What is the California Consumer Privacy Act (CCPA)?
The California Consumer Privacy Act, or CCPA, is a sweeping new regulation that became law in the summer of 2018. The Act, which goes into effect on January 1, 2020, serves to enforce the privacy rights of California Consumers and mandates strict requirements for organizations that electronically collect, store, or process consumer’s personal information.
This new regulation requires organizations to disclose to consumers what types of personal information they collect, for what purposes, and how it is used. It provides consumers the right to restrict what organizations can and/or cannot do with their personal information. For example, consumers can choose to opt-out of information sharing/selling programs of their personal information. Consumers also can request access to their personal information or request that it be deleted or exported in a common electronic format.
Organizations that do business with California consumers must quickly prepare to meet these new requirements.
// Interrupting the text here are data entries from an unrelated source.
lemma row_dist_q_2: "row_dist_q 2 p X i j = sqrt (\<Sum>k<p. (real (X i k) - real (X j k))^2)"
  unfolding row_dist_q_def by (simp add: powr_half_sqrt sum_nonneg)

lemma d_q_le_row_dist_q: "i < n \<Longrightarrow> j < n \<Longrightarrow> i \<noteq> j \<Longrightarrow> d_q q n p X \<le> row_dist_q q p X i j"
  unfolding d_q_def by (rule Min_pairs_le) (simp_all add: row_dist_q_commute)

lemma d_q_attained: "2 \<le> n \<Longrightarrow> \<exists>i j. d_q q n p X = row_dist_q q p X i j"
  using Min_pairs_in[of n "row_dist_q q p X"] unfolding d_q_def by blast

lemma hamming_rows_commute: "hamming_rows m S i j = hamming_rows m S j i"
  unfolding hamming_rows_def by (simp add: eq_commute)

lemma hamming_rows_add_agreements:
  "hamming_rows m S i j + card {u. u < m \<and> S i u = S j u} = m"
proof -
  have "card {u. u < m \<and> S i u \<noteq> S j u} + card {u. u < m \<and> S i u = S j u}
      = card ({u. u < m \<and> S i u \<noteq> S j u} \<union> {u. u < m \<and> S i u = S j u})"
    by (rule card_Un_disjoint[symmetric]) auto
  also have "{u. u < m \<and> S i u \<noteq> S j u} \<union> {u. u < m \<and> S i u = S j u} = {..<m}"
    by auto
  finally show ?thesis
    unfolding hamming_rows_def by simp
qed

lemma card_le_num_pairs_at_dist:
  assumes "U \<subseteq> {..<n} \<times> {..<n}"
    and "\<And>a b. (a, b) \<in> U \<Longrightarrow> (b, a) \<notin> U \<and> hamming_rows m S a b = h"
  shows "card U \<le> num_pairs_at_dist n m S h"
proof -
  let ?sort = "\<lambda>(a::nat, b). (min a b, max a b)"
  have "inj_on ?sort U"
  proof (rule inj_onI)
    fix x y assume xy: "x \<in> U" "y \<in> U" "?sort x = ?sort y"
    obtain a b c d where ab: "x = (a, b)" and cd: "y = (c, d)"
      by fastforce
    have "min a b = min c d" "max a b = max c d"
      using xy(3) unfolding ab cd by simp_all
    then have "(a, b) = (c, d) \<or> (a, b) = (d, c)"
      by (cases "a \<le> b"; cases "c \<le> d") (simp_all add: min_def max_def)
    then show "x = y"
      using xy(1,2) assms(2) unfolding ab cd by blast
  qed
  moreover have "?sort ` U \<subseteq> {(i, j). i < j \<and> j < n \<and> hamming_rows m S i j = h}"
  proof clarify
    fix a b assume ab: "(a, b) \<in> U"
    then have "a \<noteq> b" "a < n" "b < n" "hamming_rows m S a b = h"
      using assms by blast+
    then show "min a b < max a b \<and> max a b < n \<and> hamming_rows m S (min a b) (max a b) = h"
      by (cases "a \<le> b") (auto simp: min_def max_def hamming_rows_commute)
  qed
  moreover have "finite {(i, j). i < j \<and> j < n \<and> hamming_rows m S i j = h}"
    by (rule finite_subset[of _ "{..<n} \<times> {..<n}"]) auto
  ultimately show ?thesis
    unfolding num_pairs_at_dist_def by (simp add: card_inj_on_le)
qed

locale coupled_design =
  fixes m :: nat and X S :: "nat \<Rightarrow> nat \<Rightarrow> nat"
  assumes coupled: "marginally_coupled m X S"
begin

definition level :: "nat \<Rightarrow> nat \<Rightarrow> nat"
  where "level r j = (X r j - 1) div m"

definition agreements :: "nat \<Rightarrow> nat \<Rightarrow> nat"
  where "agreements r r' = card {u. u < m \<and> S r u = S r' u}"

lemma bij_betw_column: "j < m \<Longrightarrow> bij_betw (\<lambda>r. X r j) {..<2*m} {1..2*m}"
  using coupled unfolding marginally_coupled_def is_LHD_def by blast

lemma bij_betw_row: "r < 2*m \<Longrightarrow> bij_betw (S r) {..<m} {1..m}"
  using coupled unfolding marginally_coupled_def is_sequence_design_def by blast

lemma image_mset_level:
  "u < m \<Longrightarrow> c \<in> {1..m} \<Longrightarrow> j < m \<Longrightarrow>
    image_mset (\<lambda>r. level r j) (mset_set {r. r < 2*m \<and> S r u = c}) = {#0, 1#}"
  using coupled unfolding marginally_coupled_def level_def by blast

lemma column_range: "r < 2*m \<Longrightarrow> j < m \<Longrightarrow> X r j \<in> {1..2*m}"
  using bij_betw_column[of j] by (auto simp: bij_betw_def)

lemma level_eq_iff:
  assumes "r < 2*m" "j < m"
  shows "level r j = b \<longleftrightarrow> X r j \<in> {b*m<..b*m+m}"
proof -
  have "1 \<le> X r j" "0 < m"
    using column_range[OF assms] assms(2) by auto
  have "level r j = b \<longleftrightarrow> b \<le> level r j \<and> level r j < Suc b"
    by linarith
  also have "\<dots> \<longleftrightarrow> b * m \<le> X r j - 1 \<and> X r j - 1 < Suc b * m"
    unfolding level_def using \<open>0 < m\<close> by (simp add: less_eq_div_iff_mult_less_eq div_less_iff_less_mult)
  finally show ?thesis
    using \<open>1 \<le> X r j\<close> by auto
qed

lemma level_le_1:
  assumes "r < 2*m" "j < m"
  shows "level r j \<le> 1"
proof -
  have "X r j - 1 < 2 * m" "0 < m"
    using column_range[OF assms] assms(2) by auto
  then show ?thesis
    unfolding level_def by (simp add: div_less_iff_less_mult less_Suc_eq_le[symmetric])
qed

lemma card_level:
  assumes "j < m" "b \<le> 1"
  shows "card {r. r < 2*m \<and> level r j = b} = m"
proof -
  have "{r. r < 2*m \<and> level r j = b} = {r \<in> {..<2*m}. X r j \<in> {b*m<..b*m+m}}"
    using level_eq_iff[OF _ assms(1)] by auto
  also have "card \<dots> = card {b*m<..b*m+m}"
  proof (intro card_preimage_bij_betw[OF bij_betw_column])
    show "{b*m<..b*m+m} \<subseteq> {1..2*m}"
      using assms(2) by (cases b) auto
  qed (rule assms(1))
  finally show ?thesis
    by simp
qed

lemma rows_sharing_symbol:
  assumes "u < m" "c \<in> {1..m}"
  obtains r r' where "{r. r < 2*m \<and> S r u = c} = {r, r'}" "r \<noteq> r'"
    "\<And>j. j < m \<Longrightarrow> level r' j = 1 - level r j"
proof -
  let ?M = "{r. r < 2*m \<and> S r u = c}"
  have "card ?M = 2"
    using arg_cong[OF image_mset_level[OF assms assms(1)], of size] by simp
  then obtain r r' where rr': "?M = {r, r'}" "r \<noteq> r'"
    by (auto simp: card_2_iff)
  have "level r' j = 1 - level r j" if "j < m" for j
  proof -
    have "{#level r j, level r' j#} = {#0, 1#}"
      using image_mset_level[OF assms that] rr' by simp
    then show ?thesis
      by (auto simp: add_eq_conv_ex)
  qed
  with rr' that show ?thesis
    by blast
qed

lemma symbol_range: "r < 2*m \<Longrightarrow> u < m \<Longrightarrow> S r u \<in> {1..m}"
  using bij_betw_row[of r] by (auto simp: bij_betw_def)

lemma level_complement:
  assumes "r < 2*m" "r' < 2*m" "r \<noteq> r'" "0 < agreements r r'" "j < m"
  shows "level r' j = 1 - level r j"
proof -
  have "{u. u < m \<and> S r u = S r' u} \<noteq> {}"
    using assms(4) unfolding agreements_def by (metis card.empty less_irrefl)
  then obtain u where u: "u < m" "S r u = S r' u"
    by blast
  obtain a b where ab: "{s. s < 2*m \<and> S s u = S r u} = {a, b}"
    and level_ab: "level b j = 1 - level a j"
    using rows_sharing_symbol[OF u(1) symbol_range[OF assms(1) u(1)]] assms(5) by metis
  have "r \<in> {s. s < 2*m \<and> S s u = S r u}" "r' \<in> {s. s < 2*m \<and> S s u = S r u}"
    using assms(1,2) u(2) by simp_all
  then have "r = a \<and> r' = b \<or> r = b \<and> r' = a"
    using assms(3) unfolding ab by blast
  then show ?thesis
    using level_ab level_le_1[OF assms(2,5)] by auto
qed

lemma card_other_rows_sharing_symbol:
  assumes "r < 2*m" "u < m"
  shows "card {r' \<in> {..<2*m} - {r}. S r' u = S r u} = 1"
proof -
  obtain a b where ab: "{s. s < 2*m \<and> S s u = S r u} = {a, b}" "a \<noteq> b"
    using rows_sharing_symbol[OF assms(2) symbol_range[OF assms]] by metis
  have "r \<in> {s. s < 2*m \<and> S s u = S r u}"
    using assms(1) by simp
  then have "r = a \<or> r = b"
    unfolding ab by blast
  moreover have "{r' \<in> {..<2*m} - {r}. S r' u = S r u} = {a, b} - {r}"
    unfolding ab[symmetric] by auto
  ultimately show ?thesis
    using ab(2) by auto
qed

lemma sum_agreements:
  assumes "r < 2*m"
  shows "(\<Sum>r'\<in>{..<2*m} - {r}. agreements r r') = m"
proof -
  have agreements_eq: "agreements r r' = (\<Sum>u<m. of_bool (S r' u = S r u))" for r'
    unfolding agreements_def by (simp add: Int_def eq_commute)
  have "(\<Sum>r'\<in>{..<2*m} - {r}. agreements r r')
      = (\<Sum>r'\<in>{..<2*m} - {r}. \<Sum>u<m. of_bool (S r' u = S r u))"
    by (simp only: agreements_eq)
  also have "\<dots> = (\<Sum>u<m. \<Sum>r'\<in>{..<2*m} - {r}. of_bool (S r' u = S r u))"
    by (rule sum.swap)
  also have "\<dots> = (\<Sum>u<m. 1)"
    using card_other_rows_sharing_symbol[OF assms] by (simp add: Int_def)
  finally show ?thesis
    by simp
qed

lemma hamming_rows_if_agreements_eq_2: "agreements r r' = 2 \<Longrightarrow> hamming_rows m S r r' = m - 2"
  using hamming_rows_add_agreements[of m S r r'] unfolding agreements_def by linarith

lemma sum_agreements_partners:
  assumes "r < 2*m" "G \<subseteq> {..<2*m}" "r \<notin> G"
    and "\<And>r'. r' < 2*m \<Longrightarrow> r' \<noteq> r \<Longrightarrow> 0 < agreements r r' \<Longrightarrow> r' \<in> G"
  shows "(\<Sum>r'\<in>G. agreements r r') = m"
proof -
  have "(\<Sum>r'\<in>G. agreements r r') = (\<Sum>r'\<in>{..<2*m} - {r}. agreements r r')"
    using assms by (intro sum.mono_neutral_left) auto
  then show ?thesis
    using sum_agreements[OF assms(1)] by simp
qed

definition level_class :: "nat \<Rightarrow> nat \<Rightarrow> nat \<Rightarrow> nat \<Rightarrow> nat set"
  where "level_class i j a b = {r. r < 2*m \<and> level r i = a \<and> level r j = b}"

lemma level_class_commute: "level_class i j a b = level_class j i b a"
  unfolding level_class_def by auto

lemma card_level_classes:
  assumes "i < m" "j < m" "a \<le> 1"
  shows "card (level_class i j a 0) + card (level_class i j a 1) = m"
proof -
  have "card (level_class i j a 0) + card (level_class i j a 1)
      = card (level_class i j a 0 \<union> level_class i j a 1)"
    by (rule card_Un_disjoint[symmetric]) (auto simp: level_class_def)
  also have "level_class i j a 0 \<union> level_class i j a 1 = {r. r < 2*m \<and> level r i = a}"
    using level_le_1[OF _ assms(2)] by (auto simp: level_class_def le_Suc_eq)
  finally show ?thesis
    using card_level[OF assms(1,3)] by simp
qed

lemma card_level_class_opposite:
  assumes "i < m" "j < m"
  shows "card (level_class i j 1 1) = card (level_class i j 0 0)"
    and "card (level_class i j 1 0) = card (level_class i j 0 1)"
proof -
  have "card (level_class i j 0 0) + card (level_class i j 1 0) = m"
    and "card (level_class i j 0 1) + card (level_class i j 1 1) = m"
    using card_level_classes[OF assms(2,1), of 0] card_level_classes[OF assms(2,1), of 1]
    unfolding level_class_commute[of j i] by simp_all
  then show "card (level_class i j 1 1) = card (level_class i j 0 0)"
    and "card (level_class i j 1 0) = card (level_class i j 0 1)"
    using card_level_classes[OF assms, of 0] by simp_all
qed

lemma level_class_partner:
  assumes "r \<in> level_class i j a b" "r' < 2*m" "r' \<noteq> r" "0 < agreements r r'" "i < m" "j < m"
  shows "r' \<in> level_class i j (1 - a) (1 - b)"
  using assms level_complement[of r r'] unfolding level_class_def by auto

end

locale coupled_design_few_close_pairs = coupled_design +
  assumes hamming_bound: "d_H (2*m) m S \<ge> m - 2"
    and few_close_pairs: "real (num_pairs_at_dist (2*m) m S (m - 2)) < real m ^ 2 / 2"
begin

lemma agreements_le_2:
  assumes "r < 2*m" "r' < 2*m" "r \<noteq> r'"
  shows "agreements r r' \<le> 2"
proof -
  have "d_H (2*m) m S \<le> hamming_rows m S r r'"
    unfolding d_H_def using assms by (intro Min_pairs_le) (auto intro: hamming_rows_commute)
  then show ?thesis
    using hamming_bound hamming_rows_add_agreements[of m S r r'] unfolding agreements_def by linarith
qed
(* On each edge f'' = -k^2 f, so the energy f'^2 + k^2 f^2 is constant; hence f' has only finitely
   many zeros on an edge unless f' and k^2 f vanish identically there, which the Morse condition
   excludes.  So every edge is cut into finitely many pieces.  The derivative vanishes at every cut
   point: at an interior extremum directly, and at an extremal vertex because all terms of the
   Kirchhoff sum there have the same sign.  Hence the Neumann condition holds trivially at the new
   degree-one vertices, while an uncut vertex keeps all its incident edge-ends, since a Neumann
   domain is a connected component of the cut graph. *)

lemma DERIV_local_max_left_end:
  fixes g :: "real \<Rightarrow> real"
  assumes der: "(g has_real_derivative l) (at a within {a..b})" and "a < b" and "0 < \<delta>"
    and max: "\<And>s. s \<in> {a..b} \<Longrightarrow> s - a < \<delta> \<Longrightarrow> g s \<le> g a"
  shows "l \<le> 0"
proof -
  have quot: "((\<lambda>y. (g y - g a) / (y - a)) \<longlongrightarrow> l) (at a within {a..b})"
    using der has_field_derivative_iff by blast
  have "at a within {a..b} \<noteq> bot"
    using \<open>a < b\<close> by (simp add: at_within_Icc_at_right)
  moreover have "\<forall>\<^sub>F y in at a within {a..b}. (g y - g a) / (y - a) \<le> 0"
    unfolding eventually_at
  proof (intro exI[of _ \<delta>] conjI ballI impI)
    fix y assume "y \<in> {a..b}" "y \<noteq> a \<and> dist y a < \<delta>"
    with max[of y] show "(g y - g a) / (y - a) \<le> 0"
      by (simp add: dist_real_def divide_nonpos_pos)
  qed (fact \<open>0 < \<delta>\<close>)
  ultimately show ?thesis
    using tendsto_upperbound[OF quot] by blast
qed
lemma prod_dvd_if_pairwise_no_common_prime_factor:
  fixes f :: "'b \<Rightarrow> 'a::field poly"
  assumes "finite A" "\<And>x. x \<in> A \<Longrightarrow> f x dvd y"
    and "\<And>x x' p. x \<in> A \<Longrightarrow> x' \<in> A \<Longrightarrow> x \<noteq> x' \<Longrightarrow> prime_elem p \<Longrightarrow> p dvd f x
      \<Longrightarrow> \<not> p dvd f x'"
  shows "prod f A dvd y"
  using assms
proof (induction A rule: finite_induct)
  case (insert x A)
  have "f x * prod f A dvd y"
  proof (rule mult_dvd_if_no_common_prime_factor)
    show "f x dvd y"
      by (rule insert.prems(1)) simp
    show "prod f A dvd y"
    proof (rule insert.IH)
      show "f x' dvd y" if "x' \<in> A" for x'
        using insert.prems(1) that by simp
      show "\<not> p dvd f x''"
        if "x' \<in> A" "x'' \<in> A" "x' \<noteq> x''" "prime_elem p" "p dvd f x'" for x' x'' p
        using insert.prems(2)[of x' x'' p] that by simp
    qed
    show "\<not> p dvd prod f A" if p: "prime_elem p" "p dvd f x" for p
    proof
      assume "p dvd prod f A"
      then obtain x' where "x' \<in> A" "p dvd f x'"
        by (rule prime_elem_dvd_prodE[OF p(1)])
      then show False
        using insert.prems(2)[of x x' p] insert.hyps(2) p by auto
    qed
  qed
  then show ?case
    using insert.hyps by simp
qed simp

lemma prime_elem_power_not_dvd_mult:
  fixes p :: "'a::algebraic_semidom"
  assumes "prime_elem p" "\<not> p ^ Suc i dvd x" "\<not> p ^ Suc j dvd y"
  shows "\<not> p ^ Suc (i + j) dvd x * y"
  using prime_elem_power_dvd_cases[of p "Suc (i + j)" x y "Suc i" "Suc j"] assms by auto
This means understanding what types of personal information they collect, for what purposes, how it is used, stored, and protected. It also means organizations need to be prepared to respond to consumers’ requests for the following; opt-in and opt-out of information sharing/selling programs, access-to, deletion-of and exporting of personal information. Organizations are also required to make disclosures in the event of a security breach.
The California Attorney General’s Office is mandated with maintaining and enforcing these new regulations. The California AG’s Office will have the legal authority to apply civil penalties and fines for non-compliance. This includes fines ranging from up to $2,500 to $7,500 per violation. In addition, consumers can file class action lawsuits to recover damages $100 - $750 per consumer per incident. The later has the potential for greater financial impact to businesses who suffer a breach where consumers’ personal information is exposed.